2. Code refactors and migrations
This is the cleanest use case for Codex-style goal following. Code gives the agent a validation loop: tests, type checks, builds, linting, visual checks, and diffs. If you can define parity and run checks, a goal can keep moving through the boring middle of a migration.
The right goal names the target stack, what behavior must stay the same, what tests prove parity, and what must not be touched.
3. CEO/CTO agent orchestration
The "Hermes as CEO, Codex as CTO" example is useful because it points to the future shape of agent work: one durable objective, multiple specialist workers, and a human who steers the objective instead of micromanaging each file edit.
In practice, I would still keep the first version modest. One app, one marketing artifact, one integration point, one verification command. Multi-agent orchestration can multiply productivity, but it can also multiply confusion if the handoff criteria are not explicit.
4. Business workflows
This is where the idea becomes commercially interesting, but also where human review matters most. Outreach, lead research, reporting, data cleanup, backfills, and content systems can all benefit from a persistent goal loop.
The safe version is not "let the agent sell without oversight". It is "let the agent prepare the sales work": identify leads, collect evidence, draft messages, flag risks, and stop at a review queue. Sending, billing, publishing, deleting, and updating source-of-record data should have approval gates.
Let goal-based agents prepare, research, draft, compare, and validate. Add human approval before they send, spend, publish, delete, or update a system of record.
Safety and control
The stronger the goal loop becomes, the more boring the control layer needs to be. A persistent agent with tools is not just a clever prompt. It is a worker with access.
This is where the earlier AI agent control plane argument becomes practical. Before giving an agent a long-running goal, define:
- Identity: which account does the agent use, and is it separate from your personal account?
- Permissions: what folders, tools, APIs, and services can it access?
- Budgets: what model budget, API spend, turn budget, and runtime limit apply?
- Logs: where can you inspect what the agent read, wrote, changed, sent, or attempted?
- Approval gates: what actions require human review before they go external?
- Rollback: how do you undo changes, revoke keys, stop schedules, or quarantine output?

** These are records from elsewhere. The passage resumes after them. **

(* For every $\beta>0$ and every $L,M\geq 1$, \begin{equation*} \frac{Z^{+,-}_{\mathcal{R}(L,M),\beta}}{Z^{+,+}_{\mathcal{R}(L,M),\beta}}= \Psi^{0}_{\mathcal R(L,M),\beta,\mathsf{h}^{+,+}_{L,M}}\big[\text{$\mathfrak g^{-}$ is not connected to $\mathfrak g^{+}$ in $\omega$}\big]. \end{equation*} In particular, the surface tension $\tau_{\beta}:=\liminf_{L\to\infty}\liminf_{M\to\infty}\frac{1}{L^{d-1}}\log \frac{Z^{+,+}_{\mathcal{R}(L,M),\beta}}{Z^{+,-}_{\mathcal{R}(L,M),\beta}}$ satisfies $\tau_{\beta}\geq 0$ for every $\beta>0$.
   Context: Fix $g>0$, $a\in\mathbb R$, and let $\mathrm d\rho_{g,a}(t)\propto e^{-gt^4-at^2}\mathrm dt$ on $\mathbb R$. For a finite $\Lambda\subset\mathbb Z^d$ ($d\geq2$) with nearest-neighbour edge set $E(\Lambda)$ and a field $\mathsf h\in\mathbb R^\Lambda$, the $\varphi^4$ partition function is $Z^{\varphi^4}_{\Lambda,\beta,\mathsf h}=\int \exp\big(\beta\sum_{xy\in E(\Lambda)}\varphi_x\varphi_y+\beta\sum_{x\in\Lambda}\mathsf h_x\varphi_x\big)\prod_{x\in\Lambda}\mathrm d\rho_{g,a}(\varphi_x)$. For $L,M\geq1$ let $\mathcal R(L,M)=\{-L,\dots,L\}^{d-1}\times\{-M,\dots,M\}$, its thick boundary $\partial^{\rm thick}\mathcal R(L,M)=\mathcal R(L,M)\setminus\big(\{-L+\log L+1,\dots,L-\log L-1\}^{d-1}\times\{-M,\dots,M\}\big)$, its top part $\partial^{\rm thick}_+=\partial^{\rm thick}\mathcal R(L,M)\cap\{x_d\in\{1,\dots,M\}\}$ and bottom part $\partial^{\rm thick}_-=\partial^{\rm thick}\mathcal R(L,M)\cap\{x_d\in\{-M,\dots,0\}\}$. Let $\mathsf h^{+,+}_{L,M}=\mathbbm 1_{\partial^{\rm thick}\mathcal R(L,M)}$ and $\mathsf h^{+,-}_{L,M}=\mathbbm 1_{\partial^{\rm thick}_+}-\mathbbm 1_{\partial^{\rm thick}_-}$, and $Z^{+,\pm}_{\mathcal R(L,M),\beta}:=Z^{\varphi^4}_{\mathcal R(L,M),\beta,\mathsf h^{+,\pm}_{L,M}}$. Let $\mathcal R^{+,-}(L,M)$ be the graph with vertices $\mathcal R(L,M)\cup\{\mathfrak g^+,\mathfrak g^-\}$ (two ghost vertices) and edges $E(\mathcal R(L,M))\cup\{x\mathfrak g^+:x\in\partial^{\rm thick}_+\}\cup\{x\mathfrak g^-:x\in\partial^{\rm thick}_-\}$. The free $\varphi^4$ random cluster measure $\Psi^{0}_{\mathcal R(L,M),\beta,\mathsf{h}^{+,+}_{L,M}}$ is the probability measure on pairs $(\omega,\mathsf a)\in\{0,1\}^{E(\mathcal R^{+,-}(L,M))}\times(\mathbb R^+)^{\mathcal R(L,M)}$ with density proportional to $\prod_{xy\in E(\mathcal R(L,M))}\sqrt{1-p_{xy}}\big(\tfrac{p_{xy}}{1-p_{xy}}\big)^{\omega_{xy}}\prod_{x\mathfrak g^{\pm}}\sqrt{1-p_{x\mathfrak g}}\big(\tfrac{p_{x\mathfrak g}}{1-p_{x\mathfrak g}}\big)^{\omega_{x\mathfrak g^\pm}}\,2^{\tilde k(\omega)}\prod_{x}\mathrm d\rho_{g,a}(\mathsf a_x)$, where $\mathrm d\rho_{g,a}(\mathsf a_x)$ here denotes the pushforward of $\rho_{g,a}$ under $t\mapsto|t|$, $p_{xy}=1-e^{-2\beta\mathsf a_x\mathsf a_y}$, $p_{x\mathfrak g}=1-e^{-2\beta\mathsf h^{+,+}_{L,M}(x)\mathsf a_x}$, and $\tilde k(\omega)$ is the number of connected components of $\omega$ after identifying $\mathfrak g^+$ and $\mathfrak g^-$. (After identifying the two ghosts this is the usual free $\varphi^4$ random cluster measure with field $\mathsf h^{+,+}_{L,M}$, i.e. an Ising random cluster model with couplings $\beta\mathsf a_x\mathsf a_y$ in the random environment $\mathsf a\sim|\varphi|$.) *)

theory Defs
  imports "HOL-Analysis.Analysis"
begin
lemma LIR_hom_fst_eq: "is_LIR_hom f \<Longrightarrow> fst f r = (SUP s\<in>{r<..}. fst f s)"
  unfolding is_LIR_hom_def by blast

lemma LIR_hom_snd_eq: "is_LIR_hom f \<Longrightarrow> snd f s = (SUP r\<in>{..<s}. snd f r)"
  unfolding is_LIR_hom_def by blast

lemma LIR_hom_snd_mono:
  assumes "is_LIR_hom f" and "r \<le> s"
  shows "snd f r \<le> snd f s"
proof (cases "r = s")
  case False
  with assms(2) have "snd f r \<le> (SUP t\<in>{..<s}. snd f t)" by (intro SUP_upper) simp
  then show ?thesis using LIR_hom_snd_eq[OF assms(1), of s] by simp
qed simp

lemma LIR_hom_hom_join:
  assumes f: "is_LIR_hom f" and g: "is_LIR_hom g"
  shows "is_LIR_hom (hom_join f g)"
  unfolding is_LIR_hom_def hom_join_def fst_conv snd_conv
proof (intro conjI allI impI)
  fix r s :: rat assume "s \<le> r"
  then have "inf (fst f r) (snd f s) = bot" "inf (fst g r) (snd g s) = bot"
    using LIR_hom_disjoint f g by blast+
  moreover have "inf (inf (snd f s) (snd g s)) (fst f r) \<le> inf (fst f r) (snd f s)"
    and "inf (inf (snd f s) (snd g s)) (fst g r) \<le> inf (fst g r) (snd g s)"
    by (simp_all add: le_infI1 le_infI2)
  ultimately have "inf (inf (snd f s) (snd g s)) (sup (fst f r) (fst g r)) = bot"
    by (simp add: inf_sup_distrib bot_unique)
  then show "inf (sup (fst f r) (fst g r)) (inf (snd f s) (snd g s)) = bot"
    by (simp add: inf_commute)
next
  fix r
  show "sup (fst f r) (fst g r) = (SUP s\<in>{r<..}. sup (fst f s) (fst g s))"
    by (simp add: SUP_sup_distrib[symmetric] LIR_hom_fst_eq[OF f, symmetric] LIR_hom_fst_eq[OF g, symmetric])
next
  fix s
  show "inf (snd f s) (snd g s) = (SUP r\<in>{..<s}. inf (snd f r) (snd g r))"
  proof (rule order.antisym)
    have "inf a b \<le> (SUP r\<in>{..<s}. inf (snd f r) (snd g r))"
      if "a \<in> snd f ` {..<s}" and "b \<in> snd g ` {..<s}" for a b
    proof -
      from that obtain r r' where "a = snd f r" "b = snd g r'" "r < s" "r' < s" by auto
      then have "inf a b \<le> inf (snd f (max r r')) (snd g (max r r'))"
        using LIR_hom_snd_mono[OF f, of r "max r r'"] LIR_hom_snd_mono[OF g, of r' "max r r'"]
        by (simp add: le_infI1 le_infI2)
      also have "\<dots> \<le> (SUP r\<in>{..<s}. inf (snd f r) (snd g r))"
        using \<open>r < s\<close> \<open>r' < s\<close> by (intro SUP_upper) simp
      finally show ?thesis .
    qed
    then show "inf (snd f s) (snd g s) \<le> (SUP r\<in>{..<s}. inf (snd f r) (snd g r))"
      by (subst LIR_hom_snd_eq[OF f], subst LIR_hom_snd_eq[OF g]) (rule inf_Sup_Sup_le)
    show "(SUP r\<in>{..<s}. inf (snd f r) (snd g r)) \<le> inf (snd f s) (snd g s)"
      using LIR_hom_snd_mono[OF f] LIR_hom_snd_mono[OF g]
      by (auto intro!: SUP_least intro: le_infI1 le_infI2)
  qed
qed

definition Fbar_M :: "((rat \<Rightarrow> 'b) \<times> (rat \<Rightarrow> 'b)) set" where
  "Fbar_M = {f. is_LIR_hom f
     \<and> (\<forall>r s. r < s \<longrightarrow> pcomp (fst f r) \<le> snd f s \<and> pcomp (snd f s) \<le> fst f r)}"

lemma Fbar_M_LIR_hom: "f \<in> Fbar_M \<Longrightarrow> is_LIR_hom f"
  by (simp add: Fbar_M_def)

lemma Fbar_M_pcomp_fst_le: "f \<in> Fbar_M \<Longrightarrow> r < s \<Longrightarrow> pcomp (fst f r) \<le> snd f s"
  by (simp add: Fbar_M_def)

lemma Fbar_M_pcomp_snd_le: "f \<in> Fbar_M \<Longrightarrow> r < s \<Longrightarrow> pcomp (snd f s) \<le> fst f r"
  by (simp add: Fbar_M_def)

lemma Fbar_M_fst_eq:
  assumes "f \<in> Fbar_M"
  shows "fst f r = (SUP s\<in>{r<..}. pcomp (snd f s))"
proof (rule order.antisym)
  have "fst f s \<le> pcomp (snd f s)" for s
    using LIR_hom_disjoint[OF Fbar_M_LIR_hom[OF assms], of s s] by (simp add: le_pcomp_iff inf_commute)
  then show "fst f r \<le> (SUP s\<in>{r<..}. pcomp (snd f s))"
    by (subst LIR_hom_fst_eq[OF Fbar_M_LIR_hom[OF assms]]) (rule SUP_mono', blast)
  show "(SUP s\<in>{r<..}. pcomp (snd f s)) \<le> fst f r"
    using Fbar_M_pcomp_snd_le[OF assms] by (auto intro: SUP_least)
qed
(* Let $(m_1,n_1)$ and $(m_2,n_2)$ be allowable pairs such that the sets $\{|t_1(m_1,n_1)|,|t_2(m_1,n_1)|,|t_3(m_1,n_1)|\}$ and $\{|t_1(m_2,n_2)|,|t_2(m_2,n_2)|,|t_3(m_2,n_2)|\}$ coincide. Then $c_1=-\frac{A(m_1,n_1)}{B(m_1,n_1)}$ equals $c_2=-\frac{A(m_2,n_2)}{B(m_2,n_2)}$. In other words, the absolute values of the numerators of the elements of the rational $3$-cycle of $f_c(x)=x^2+c$ determine $c$.
   Context: An allowable pair is $(m,n)\in\mathbb{Z}^2$ with $\gcd(m,n)=1$ and $mn(m+n)\neq0$. $t_1(m,n)=m^3+2m^2n+mn^2+n^3$, $t_2(m,n)=m^3-mn^2-n^3$, $t_3(m,n)=m^3+2m^2n+3mn^2+n^3$; $A(m,n)=m^6+2m^5n+4m^4n^2+8m^3n^3+9m^2n^4+4mn^5+n^6$, $B(m,n)=4m^2n^2(m+n)^2$. For an allowable pair, $f_c$ with $c=-A/B$ has the rational $3$-cycle $\{\frac{t_1}{2mn(m+n)},\frac{t_2}{2mn(m+n)},-\frac{t_3}{2mn(m+n)}\}$, fractions in lowest terms. *)

theory Defs
  imports Complex_Main
begin

definition allowable :: "int \<Rightarrow> int \<Rightarrow> bool" where
  "allowable m n \<longleftrightarrow> gcd m n = 1 \<and> m * n * (m + n) \<noteq> 0"

definition t1 :: "int \<Rightarrow> int \<Rightarrow> int" where
  "t1 m n = m^3 + 2*m^2*n + m*n^2 + n^3"

definition t2 :: "int \<Rightarrow> int \<Rightarrow> int" where
  "t2 m n = m^3 - m*n^2 - n^3"

definition t3 :: "int \<Rightarrow> int \<Rightarrow> int" where
  "t3 m n = m^3 + 2*m^2*n + 3*m*n^2 + n^3"

definition A :: "int \<Rightarrow> int \<Rightarrow> int" where
  "A m n = m^6 + 2*m^5*n + 4*m^4*n^2 + 8*m^3*n^3 + 9*m^2*n^4 + 4*m*n^5 + n^6"

definition B :: "int \<Rightarrow> int \<Rightarrow> int" where
  "B m n = 4*m^2*n^2*(m+n)^2"

definition cval :: "int \<Rightarrow> int \<Rightarrow> rat" where
  "cval m n = - (of_int (A m n) / of_int (B m n))"

end

theory Submission
  imports Defs
begin

text \<open>Over the common denominator \<open>D = 2mn(m+n)\<close> the cycle has numerators \<open>t\<^sub>1, t\<^sub>2, -t\<^sub>3\<close>,
and \<open>c\<close> is determined by their symmetric functions: \<open>3A = \<Sigma> a\<^sub>i\<^sup>2 - D \<Sigma> a\<^sub>i\<close>,
\<open>D\<^sup>3 = (a\<^sub>1+a\<^sub>2)(a\<^sub>2+a\<^sub>3)(a\<^sub>3+a\<^sub>1)\<close> and \<open>B = D\<^sup>2\<close>. So it suffices that the
numerators of the second cycle are \<open>\<epsilon>\<close> times a permutation of those of the first, with one
common sign \<open>\<epsilon>\<close>. The sign is forced by \<open>N = m\<^sup>2+mn+n\<^sup>2\<close> of the first pair: \<open>N\<close> divides
every difference \<open>a\<^sub>i - a\<^sub>j\<close> exactly once, so a sign change between two numerators of the
second cycle makes their sum exactly divisible by \<open>N\<close>, and a non-constant sign pattern
does so for two pair sums. But the pair sums \<open>2m\<^sup>2(m+n)\<close>, \<open>-2n(m+n)\<^sup>2\<close>, \<open>-2mn\<^sup>2\<close> are
built from the pairwise coprime \<open>m, n, m+n\<close>, so an odd divisor of two of them has its square
dividing one of them.\<close>

definition exactly_dvd :: "'a::comm_ring_1 \<Rightarrow> 'a \<Rightarrow> bool" where
  "exactly_dvd d x \<longleftrightarrow> d dvd x \<and> \<not> d^2 dvd x"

If you run Hermes on a VPS, add server hygiene too: SSH keys, firewall rules, separate agent accounts, low-limit cards for paid APIs, provider-side billing caps, backups, and a clear kill switch. I covered that setup in more detail in How to Run Hermes Agent Safely on a Rented VM.
The useful version of autonomy is not "the agent can do anything". It is "the agent can keep working inside a bounded workflow until the defined result is reached". That smaller sentence is where real systems get built.
This is also why I like /goal as a concept. It forces the builder to answer the question that vague AI projects avoid: what does done mean?
Sources
This post was inspired by the YouTube walkthrough Hermes /goal is insane... just watch. The setup examples and business-use-case framing come from the supplied transcript, but the mechanics above are checked against official documentation where possible.
- Hermes Agent docs: Persistent Goals (
/goal) - NousResearch/hermes-agent on GitHub
- OpenAI Codex docs: Follow a goal
- Hermes Agent + ChatGPT 5.5
- Hermes Agent safety setup
The short version: use /goal when the work has a real objective, a validation loop, and a stopping condition. If you cannot define done, do not ask an autonomous agent to chase it.